(Data extracted from a collection)

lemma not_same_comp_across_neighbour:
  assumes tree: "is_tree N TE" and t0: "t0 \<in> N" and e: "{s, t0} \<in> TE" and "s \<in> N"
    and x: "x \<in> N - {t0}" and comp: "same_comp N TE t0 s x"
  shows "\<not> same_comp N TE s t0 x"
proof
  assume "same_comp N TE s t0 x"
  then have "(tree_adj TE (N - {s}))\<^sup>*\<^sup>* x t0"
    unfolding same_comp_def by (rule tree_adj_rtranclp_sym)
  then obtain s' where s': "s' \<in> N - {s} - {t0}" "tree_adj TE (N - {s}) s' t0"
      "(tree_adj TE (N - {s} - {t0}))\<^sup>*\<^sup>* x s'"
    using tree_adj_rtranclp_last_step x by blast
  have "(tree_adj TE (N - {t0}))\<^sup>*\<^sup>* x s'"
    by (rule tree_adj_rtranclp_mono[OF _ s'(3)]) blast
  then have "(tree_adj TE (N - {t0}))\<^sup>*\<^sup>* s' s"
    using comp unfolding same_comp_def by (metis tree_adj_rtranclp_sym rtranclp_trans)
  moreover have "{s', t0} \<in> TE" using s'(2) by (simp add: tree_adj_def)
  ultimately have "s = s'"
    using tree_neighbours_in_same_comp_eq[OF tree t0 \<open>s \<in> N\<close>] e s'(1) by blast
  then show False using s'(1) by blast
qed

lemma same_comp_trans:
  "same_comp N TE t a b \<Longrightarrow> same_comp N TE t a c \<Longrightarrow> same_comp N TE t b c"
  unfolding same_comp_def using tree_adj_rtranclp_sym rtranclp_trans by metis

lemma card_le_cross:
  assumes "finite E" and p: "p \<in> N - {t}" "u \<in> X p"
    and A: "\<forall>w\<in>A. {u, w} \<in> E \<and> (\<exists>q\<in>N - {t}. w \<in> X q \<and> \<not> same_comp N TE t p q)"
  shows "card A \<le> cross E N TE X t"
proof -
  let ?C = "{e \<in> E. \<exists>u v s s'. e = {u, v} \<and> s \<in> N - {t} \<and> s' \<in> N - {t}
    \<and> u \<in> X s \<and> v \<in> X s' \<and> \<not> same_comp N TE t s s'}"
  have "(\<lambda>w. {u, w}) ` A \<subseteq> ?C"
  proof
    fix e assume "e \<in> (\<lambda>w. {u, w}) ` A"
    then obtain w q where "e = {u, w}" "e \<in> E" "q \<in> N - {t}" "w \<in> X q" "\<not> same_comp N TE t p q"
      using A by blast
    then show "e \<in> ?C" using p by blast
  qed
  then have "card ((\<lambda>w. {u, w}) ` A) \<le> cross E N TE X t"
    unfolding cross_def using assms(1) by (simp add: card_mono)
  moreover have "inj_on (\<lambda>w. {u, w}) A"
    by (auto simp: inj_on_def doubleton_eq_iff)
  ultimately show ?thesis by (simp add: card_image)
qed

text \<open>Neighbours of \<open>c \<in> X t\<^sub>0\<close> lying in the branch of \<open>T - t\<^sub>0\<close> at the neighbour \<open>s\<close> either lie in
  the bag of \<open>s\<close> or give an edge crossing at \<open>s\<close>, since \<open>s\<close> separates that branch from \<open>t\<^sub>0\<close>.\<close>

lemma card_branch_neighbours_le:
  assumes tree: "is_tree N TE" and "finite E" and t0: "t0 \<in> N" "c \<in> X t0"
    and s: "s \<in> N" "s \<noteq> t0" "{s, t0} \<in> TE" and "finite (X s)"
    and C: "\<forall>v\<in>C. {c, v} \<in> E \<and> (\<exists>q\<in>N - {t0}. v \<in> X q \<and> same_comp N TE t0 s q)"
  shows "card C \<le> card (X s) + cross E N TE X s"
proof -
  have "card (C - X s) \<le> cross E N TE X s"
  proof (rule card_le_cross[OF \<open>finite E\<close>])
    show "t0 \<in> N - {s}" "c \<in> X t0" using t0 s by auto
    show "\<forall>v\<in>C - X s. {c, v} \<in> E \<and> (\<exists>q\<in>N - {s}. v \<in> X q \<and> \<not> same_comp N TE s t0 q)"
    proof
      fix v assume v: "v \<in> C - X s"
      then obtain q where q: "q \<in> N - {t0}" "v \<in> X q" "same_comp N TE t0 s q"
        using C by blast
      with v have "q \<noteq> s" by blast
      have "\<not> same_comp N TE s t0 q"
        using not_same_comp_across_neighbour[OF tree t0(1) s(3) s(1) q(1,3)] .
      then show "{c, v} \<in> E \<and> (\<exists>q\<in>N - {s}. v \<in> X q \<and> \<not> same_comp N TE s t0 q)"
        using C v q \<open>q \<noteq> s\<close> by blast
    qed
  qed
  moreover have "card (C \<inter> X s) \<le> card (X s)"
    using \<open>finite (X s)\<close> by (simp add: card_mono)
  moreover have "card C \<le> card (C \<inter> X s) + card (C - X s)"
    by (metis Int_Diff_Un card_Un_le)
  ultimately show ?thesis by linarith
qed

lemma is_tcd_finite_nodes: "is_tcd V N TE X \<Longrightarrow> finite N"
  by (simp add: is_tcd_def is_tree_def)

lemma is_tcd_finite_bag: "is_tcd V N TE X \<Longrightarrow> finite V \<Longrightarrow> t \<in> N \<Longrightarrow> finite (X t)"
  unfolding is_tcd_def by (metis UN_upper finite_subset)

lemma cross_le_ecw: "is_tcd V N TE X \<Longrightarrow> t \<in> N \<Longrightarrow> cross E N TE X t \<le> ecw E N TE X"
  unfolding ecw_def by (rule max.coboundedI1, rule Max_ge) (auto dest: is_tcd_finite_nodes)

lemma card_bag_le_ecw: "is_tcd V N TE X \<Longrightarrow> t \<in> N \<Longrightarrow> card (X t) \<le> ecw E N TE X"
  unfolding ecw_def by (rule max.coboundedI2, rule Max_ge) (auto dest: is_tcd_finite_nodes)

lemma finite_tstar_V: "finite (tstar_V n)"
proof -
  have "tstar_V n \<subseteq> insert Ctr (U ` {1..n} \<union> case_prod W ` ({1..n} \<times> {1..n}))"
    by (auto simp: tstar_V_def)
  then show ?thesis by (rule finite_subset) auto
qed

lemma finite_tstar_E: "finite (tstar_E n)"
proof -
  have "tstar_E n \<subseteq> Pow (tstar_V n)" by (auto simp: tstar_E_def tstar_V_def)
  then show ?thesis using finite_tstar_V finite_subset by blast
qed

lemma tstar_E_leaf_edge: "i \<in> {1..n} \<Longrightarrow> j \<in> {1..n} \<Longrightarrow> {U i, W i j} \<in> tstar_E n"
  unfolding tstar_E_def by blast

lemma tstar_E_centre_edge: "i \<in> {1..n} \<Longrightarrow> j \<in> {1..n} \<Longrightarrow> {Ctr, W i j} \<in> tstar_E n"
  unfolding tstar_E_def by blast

# EXERCISE INSTRUCTIONS
In your answer, include only the lines above starting at the line that holds "using comp unfolding" and ending at the line that holds "using tree_neighbours_in_same_comp_eq[OF tree", copied exactly.

# SOLUTION TO THIS PROBLEM
    using comp unfolding same_comp_def by (metis tree_adj_rtranclp_sym rtranclp_trans)
  moreover have "{s', t0} \<in> TE" using s'(2) by (simp add: tree_adj_def)
  ultimately have "s = s'"
    using tree_neighbours_in_same_comp_eq[OF tree t0 \<open>s \<in> N\<close>] e s'(1) by blast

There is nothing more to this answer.